(Stored data entries)
(* Let $\alpha\colon\Gamma\curvearrowright X$ be an action of a countable group on a compact, Hausdorff, $0$-dimensional space, and assume there is no $\alpha$-invariant Radon probability measure on $X$. Then $\alpha$ has the dynamical comparison property if and only if $\alpha$ is minimal and $a\le b$ for all nonzero $a,b\in T(\alpha)$.
   Context: Clopen type semigroup: let $Y = X\times\mathbb N$, and let $\tilde\Gamma=\Gamma\times\mathfrak S$ ($\mathfrak S$ the permutation group of $\mathbb N$) act on $Y$ by $(\gamma,\sigma)(x,n)=(\alpha(\gamma)x,\sigma(n))$. A clopen $A\subseteq Y$ is bounded if $A\cap(X\times\{n\})=\emptyset$ for all large $n$. Bounded clopen $A,B$ are equidecomposable if there are clopen $A_1,\dots,A_n$ and $\tilde\gamma_i\in\tilde\Gamma$ with $A=\bigsqcup_i A_i$, $B=\bigsqcup_i\tilde\gamma_iA_i$. $T(\alpha)$ is the set of classes $[A]$, with $[A]+[B]=[A'\sqcup B']$ for disjoint representatives; $0=[\emptyset]$. $a\le b$ iff $b=a+c$ for some $c$. For clopen $A\subseteq X$, $[A]$ denotes $[A\times\{0\}]$. The action $\alpha$ has dynamical comparison if for all nonempty clopen $A,B\subseteq X$ such that $\mu(A)<\mu(B)$ for every $\alpha$-invariant Radon probability measure $\mu$ on $X$, one has $[A]\le[B]$. The action is minimal if every orbit is dense. *)

theory Defs
  imports "HOL-Probability.Probability" "HOL-Algebra.Group_Action"
begin

text \<open>The space X is the type 'x (a t2_space, assumed compact and zero-dimensional).
  The group Gamma is a HOL-Algebra group G acting via alpha by homeomorphisms.\<close>

definition clopen_set :: "'a::topological_space set \<Rightarrow> bool" where
  "clopen_set A \<longleftrightarrow> open A \<and> closed A"

definition zero_dimensional :: "'a::topological_space itself \<Rightarrow> bool" where
  "zero_dimensional _ \<longleftrightarrow>
     (\<forall>U::'a set. \<forall>x\<in>U. open U \<longrightarrow> (\<exists>C. clopen_set C \<and> x \<in> C \<and> C \<subseteq> U))"

definition continuous_action :: "('g, 'b) monoid_scheme \<Rightarrow> ('g \<Rightarrow> 'x::topological_space \<Rightarrow> 'x) \<Rightarrow> bool" where
  "continuous_action G \<alpha> \<longleftrightarrow> group_action G UNIV \<alpha> \<and> (\<forall>g\<in>carrier G. continuous_on UNIV (\<alpha> g))"

definition minimal_action :: "('g, 'b) monoid_scheme \<Rightarrow> ('g \<Rightarrow> 'x::topological_space \<Rightarrow> 'x) \<Rightarrow> bool" where
  "minimal_action G \<alpha> \<longleftrightarrow> (\<forall>x. closure ((\<lambda>g. \<alpha> g x) ` carrier G) = UNIV)"

definition radon_prob :: "'x::topological_space measure \<Rightarrow> bool" where
  "radon_prob M \<longleftrightarrow> prob_space M \<and> sets M = sets borel \<and>
     (\<forall>E\<in>sets borel. emeasure M E = (INF U\<in>{U. open U \<and> E \<subseteq> U}. emeasure M U)) \<and>
     (\<forall>U. open U \<longrightarrow> emeasure M U = (SUP K\<in>{K. compact K \<and> K \<subseteq> U}. emeasure M K))"

definition invariant_measure :: "('g, 'b) monoid_scheme \<Rightarrow> ('g \<Rightarrow> 'x::topological_space \<Rightarrow> 'x) \<Rightarrow> 'x measure \<Rightarrow> bool" where
  "invariant_measure G \<alpha> M \<longleftrightarrow>
     (\<forall>g\<in>carrier G. \<forall>E\<in>sets M. emeasure M (\<alpha> g -` E) = emeasure M E)"

definition inv_radon_prob :: "('g, 'b) monoid_scheme \<Rightarrow> ('g \<Rightarrow> 'x::topological_space \<Rightarrow> 'x) \<Rightarrow> 'x measure \<Rightarrow> bool" where
  "inv_radon_prob G \<alpha> M \<longleftrightarrow> radon_prob M \<and> invariant_measure G \<alpha> M"

text \<open>Y = X \<times> nat (nat discrete); bounded clopen subsets of Y.\<close>
definition bounded_clopen :: "('x::topological_space \<times> nat) set \<Rightarrow> bool" where
  "bounded_clopen A \<longleftrightarrow> clopen_set A \<and> (\<exists>N. \<forall>x n. n \<ge> N \<longrightarrow> (x, n) \<notin> A)"

definition tact :: "('g \<Rightarrow> 'x \<Rightarrow> 'x) \<Rightarrow> 'g \<Rightarrow> (nat \<Rightarrow> nat) \<Rightarrow> 'x \<times> nat \<Rightarrow> 'x \<times> nat" where
  "tact \<alpha> g \<sigma> = (\<lambda>(x, n). (\<alpha> g x, \<sigma> n))"

definition equidec :: "('g, 'b) monoid_scheme \<Rightarrow> ('g \<Rightarrow> 'x::topological_space \<Rightarrow> 'x)
    \<Rightarrow> ('x \<times> nat) set \<Rightarrow> ('x \<times> nat) set \<Rightarrow> bool" where
  "equidec G \<alpha> A B \<longleftrightarrow> bounded_clopen A \<and> bounded_clopen B \<and>
     (\<exists>(k::nat) (P :: nat \<Rightarrow> ('x \<times> nat) set) (g :: nat \<Rightarrow> 'g) (\<sigma> :: nat \<Rightarrow> nat \<Rightarrow> nat).
        (\<forall>i<k. clopen_set (P i) \<and> g i \<in> carrier G \<and> bij (\<sigma> i)) \<and>
        disjoint_family_on P {..<k} \<and> A = (\<Union>i<k. P i) \<and>
        disjoint_family_on (\<lambda>i. tact \<alpha> (g i) (\<sigma> i) ` P i) {..<k} \<and>
        B = (\<Union>i<k. tact \<alpha> (g i) (\<sigma> i) ` P i))"

text \<open>Order on T(alpha) in terms of representatives: [A] \<le> [B] iff [B] = [A] + [C] for some
  bounded clopen C, where [A] + [C] = [A' \<union> C'] for disjoint representatives.\<close>
definition type_le :: "('g, 'b) monoid_scheme \<Rightarrow> ('g \<Rightarrow> 'x::topological_space \<Rightarrow> 'x)
    \<Rightarrow> ('x \<times> nat) set \<Rightarrow> ('x \<times> nat) set \<Rightarrow> bool" where
  "type_le G \<alpha> A B \<longleftrightarrow> (\<exists>C A' C'. bounded_clopen C \<and> equidec G \<alpha> A A' \<and> equidec G \<alpha> C C' \<and>
      A' \<inter> C' = {} \<and> equidec G \<alpha> B (A' \<union> C'))"

text \<open>Element of T(alpha): class of a bounded clopen set; zero is the class of the empty set.\<close>
definition type_zero :: "('g, 'b) monoid_scheme \<Rightarrow> ('g \<Rightarrow> 'x::topological_space \<Rightarrow> 'x)
    \<Rightarrow> ('x \<times> nat) set \<Rightarrow> bool" where
  "type_zero G \<alpha> A \<longleftrightarrow> equidec G \<alpha> A {}"

definition dynamical_comparison :: "('g, 'b) monoid_scheme \<Rightarrow> ('g \<Rightarrow> 'x::topological_space \<Rightarrow> 'x) \<Rightarrow> bool" where
  "dynamical_comparison G \<alpha> \<longleftrightarrow>
     (\<forall>A B :: 'x set. clopen_set A \<and> clopen_set B \<and> A \<noteq> {} \<and> B \<noteq> {} \<and>
        (\<forall>\<mu>. inv_radon_prob G \<alpha> \<mu> \<longrightarrow> measure \<mu> A < measure \<mu> B)
        \<longrightarrow> type_le G \<alpha> (A \<times> {0}) (B \<times> {0}))"

end

theory Submission
  imports Defs
begin

text \<open>Without invariant measures, dynamical comparison says \<open>[A \<times> {0}] \<le> [B \<times> {0}]\<close> for all
  nonempty clopen \<open>A, B \<subseteq> X\<close>. For \<open>A = X\<close> this sends every point of \<open>X\<close> into every nonempty
  clopen \<open>B\<close> by some group element, which by zero-dimensionality is minimality. \<open>X\<close> is not a
  single point (its Dirac measure would be invariant), so \<open>X = D \<union> -D\<close> with \<open>D, -D\<close> nonempty
  clopen, and comparing \<open>X \<times> {0..<n}\<close> with \<open>D \<times> {0}\<close> and \<open>X \<times> {n}\<close> with \<open>-D \<times> {0}\<close> gives
  \<open>[X \<times> {0..<n}] \<le> [X \<times> {0}]\<close> by induction. A bounded clopen \<open>A\<close> lies in some \<open>X \<times> {0..<n}\<close>,
  and a nonempty bounded clopen \<open>B\<close> contains a layer \<open>B\<^sub>m \<times> {m}\<close> with
  \<open>[X \<times> {0}] \<le> [B\<^sub>m \<times> {0}]\<close>; hence \<open>[A] \<le> [B]\<close>.\<close>

lemma clopen_set_Int: "clopen_set A \<Longrightarrow> clopen_set B \<Longrightarrow> clopen_set (A \<inter> B)"
  by (auto simp: clopen_set_def)

lemma clopen_set_Diff: "clopen_set A \<Longrightarrow> clopen_set B \<Longrightarrow> clopen_set (A - B)"
  by (auto simp: clopen_set_def)

lemma clopen_set_UNIV [simp]: "clopen_set UNIV"
  by (auto simp: clopen_set_def)

lemma clopen_set_Compl: "clopen_set A \<Longrightarrow> clopen_set (- A)"
  by (auto simp: clopen_set_def)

Task brief →
Filtering the entries above by the word "imports", copy each line that matches.

Written answer →
  imports "HOL-Probability.Probability" "HOL-Algebra.Group_Action"
  imports Defs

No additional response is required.